Response blocked: Response too long: 201 characters (max: 200)
Partial response received: "Machine learning is a subset of artificial intelligence that enables computers to learn and improve from experience without being explicitly programmed. It uses algori"
Character count: 200

Low example (exceeds limits with streaming)

This example demonstrates streaming behavior when the response limit is exceeded.
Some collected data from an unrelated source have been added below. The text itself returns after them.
text \<open>The \<open>None\<close> slots receive \<open>M + 1\<close> plus the successive entries of \<open>xs\<close>; only lists \<open>xs\<close> of
  length \<open>count_list t None\<close> are meant, otherwise \<open>hd\<close> and \<open>tl\<close> produce junk.\<close>

fun fill_type :: "int \<Rightarrow> int option list \<Rightarrow> nat list \<Rightarrow> int list" where
  "fill_type M [] xs = []"
| "fill_type M (Some v # t) xs = v # fill_type M t xs"
| "fill_type M (None # t) xs = (M + 1 + int (hd xs)) # fill_type M t (tl xs)"

definition fixed_sum :: "int option list \<Rightarrow> int" where
  "fixed_sum t = (\<Sum>x\<leftarrow>t. case x of None \<Rightarrow> 0 | Some v \<Rightarrow> v)"

lemma map_gap_type_fill_type:
  "\<forall>v. Some v \<in> set t \<longrightarrow> v \<le> M \<Longrightarrow> map (gap_type M) (fill_type M t xs) = t"
  by (induction M t xs rule: fill_type.induct) (auto simp: gap_type_def)

lemma sum_list_fill_type:
  "length xs = count_list t None \<Longrightarrow>
    sum_list (fill_type M t xs) = fixed_sum t + int (count_list t None) * (M + 1) + int (sum_list xs)"
proof (induction M t xs rule: fill_type.induct)
  case (3 M t xs)
  then show ?case by (cases xs) (auto simp: fixed_sum_def algebra_simps)
qed (auto simp: fixed_sum_def)

lemma fill_type_surj:
  "map (gap_type M) gs = t \<Longrightarrow> \<exists>xs. length xs = count_list t None \<and> fill_type M t xs = gs"
proof (induction gs arbitrary: t)
  case (Cons g gs)
  then obtain xs where xs: "length xs = count_list (map (gap_type M) gs) None"
      "fill_type M (map (gap_type M) gs) xs = gs"
    by blast
  show ?case
  proof (cases "g \<le> M")
    case True
    then have "gap_type M g = Some g" by (simp add: gap_type_def)
    then show ?thesis using Cons.prems xs by auto
  next
    case False
    then have "gap_type M g = None" by (simp add: gap_type_def)
    then show ?thesis
      using Cons.prems xs False by (auto intro!: exI[of _ "nat (g - M - 1) # xs"])
  qed
qed simp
src/example-low-response-length.ts


import { Agent } from "@mastra/core/agent";
import { ResponseLengthLimiter } from "./mastra/processors/response-length-limiter";
 
// Reuse same agent but with very strict response limit
export const agent = new Agent({
  name: 'response-limited-agent',
  instructions: 'You are a verbose assistant who provides detailed explanations.',
  model: "openai/gpt-4o",
  outputProcessors: [
    new ResponseLengthLimiter(100), // Very strict 100 character limit
  ],
});
 
const stream = await agent.stream("Write a comprehensive essay about artificial intelligence.");
 
let responseText = "";
let wasBlocked = false;
let blockReason = "";
 
for await (const part of stream.fullStream) {
  if (part.type === 'text-delta') {
    responseText += part.payload.text;
    process.stdout.write(part.payload.text);
  } else if (part.type === 'tripwire') {
    wasBlocked = true;
    blockReason = part.payload.tripwireReason;
    console.log("\n\nStream blocked:", blockReason);
    break;
  }
}
 
if (wasBlocked) {
  console.log("Final response length:", responseText.length);
  console.log("Reason:", blockReason);
}

Low example output

The stream is blocked when the response exceeds the 100-character limit:


Artificial intelligence represents one of the most transformative technologies of our time. It encom
 
Stream blocked: Response too long: 101 characters (max: 100)
Final response length: 100
Reason: Response too long: 101 characters (max: 100)

Understanding the results

When using ResponseLengthLimiter, the processor:

Successful processing

Within limits: Responses under the character limit stream normally to completion
Real-time tracking: Monitors length incrementally as text deltas are generated
State persistence: Maintains cumulative count across all stream parts

Blocked processing

Exceeded limits: Generation stops immediately when limit is reached
Tripwire flag: result.tripwire = true or stream emits tripwire chunk
Partial content: Users receive content generated up to the block point
No exceptions: Check result.tripwire or handle tripwire chunks in streams

Stream behavior

Text-delta counting: Only text content counts toward the limit
Other parts ignored: Non-text parts (like function calls) don’t affect the counter
Immediate termination: No additional content is generated after abort

Configuration options

maxLength: Set the character limit (default: 1000)
Per-agent limits: Different agents can have different response limits
Runtime overrides: Can be overridden per-call if needed

Best practices

Set limits based on your use case (summaries vs. detailed explanations)
Consider user experience when responses are truncated
Combine with input processors for comprehensive length control
Monitor abort rates to adjust limits appropriately
Implement graceful handling of aborted responses in your UI

Use cases

Cost control: Prevent unexpectedly expensive long responses
UI constraints: Ensure responses fit within specific display areas
Quality control: Encourage concise, focused answers
Performance: Reduce latency for applications requiring quick responses
Rate limiting: Control resource usage across multiple concurrent requests

This processor is particularly valuable for applications that need predictable response lengths, whether for cost management, user interface constraints, or maintaining consistent response quality.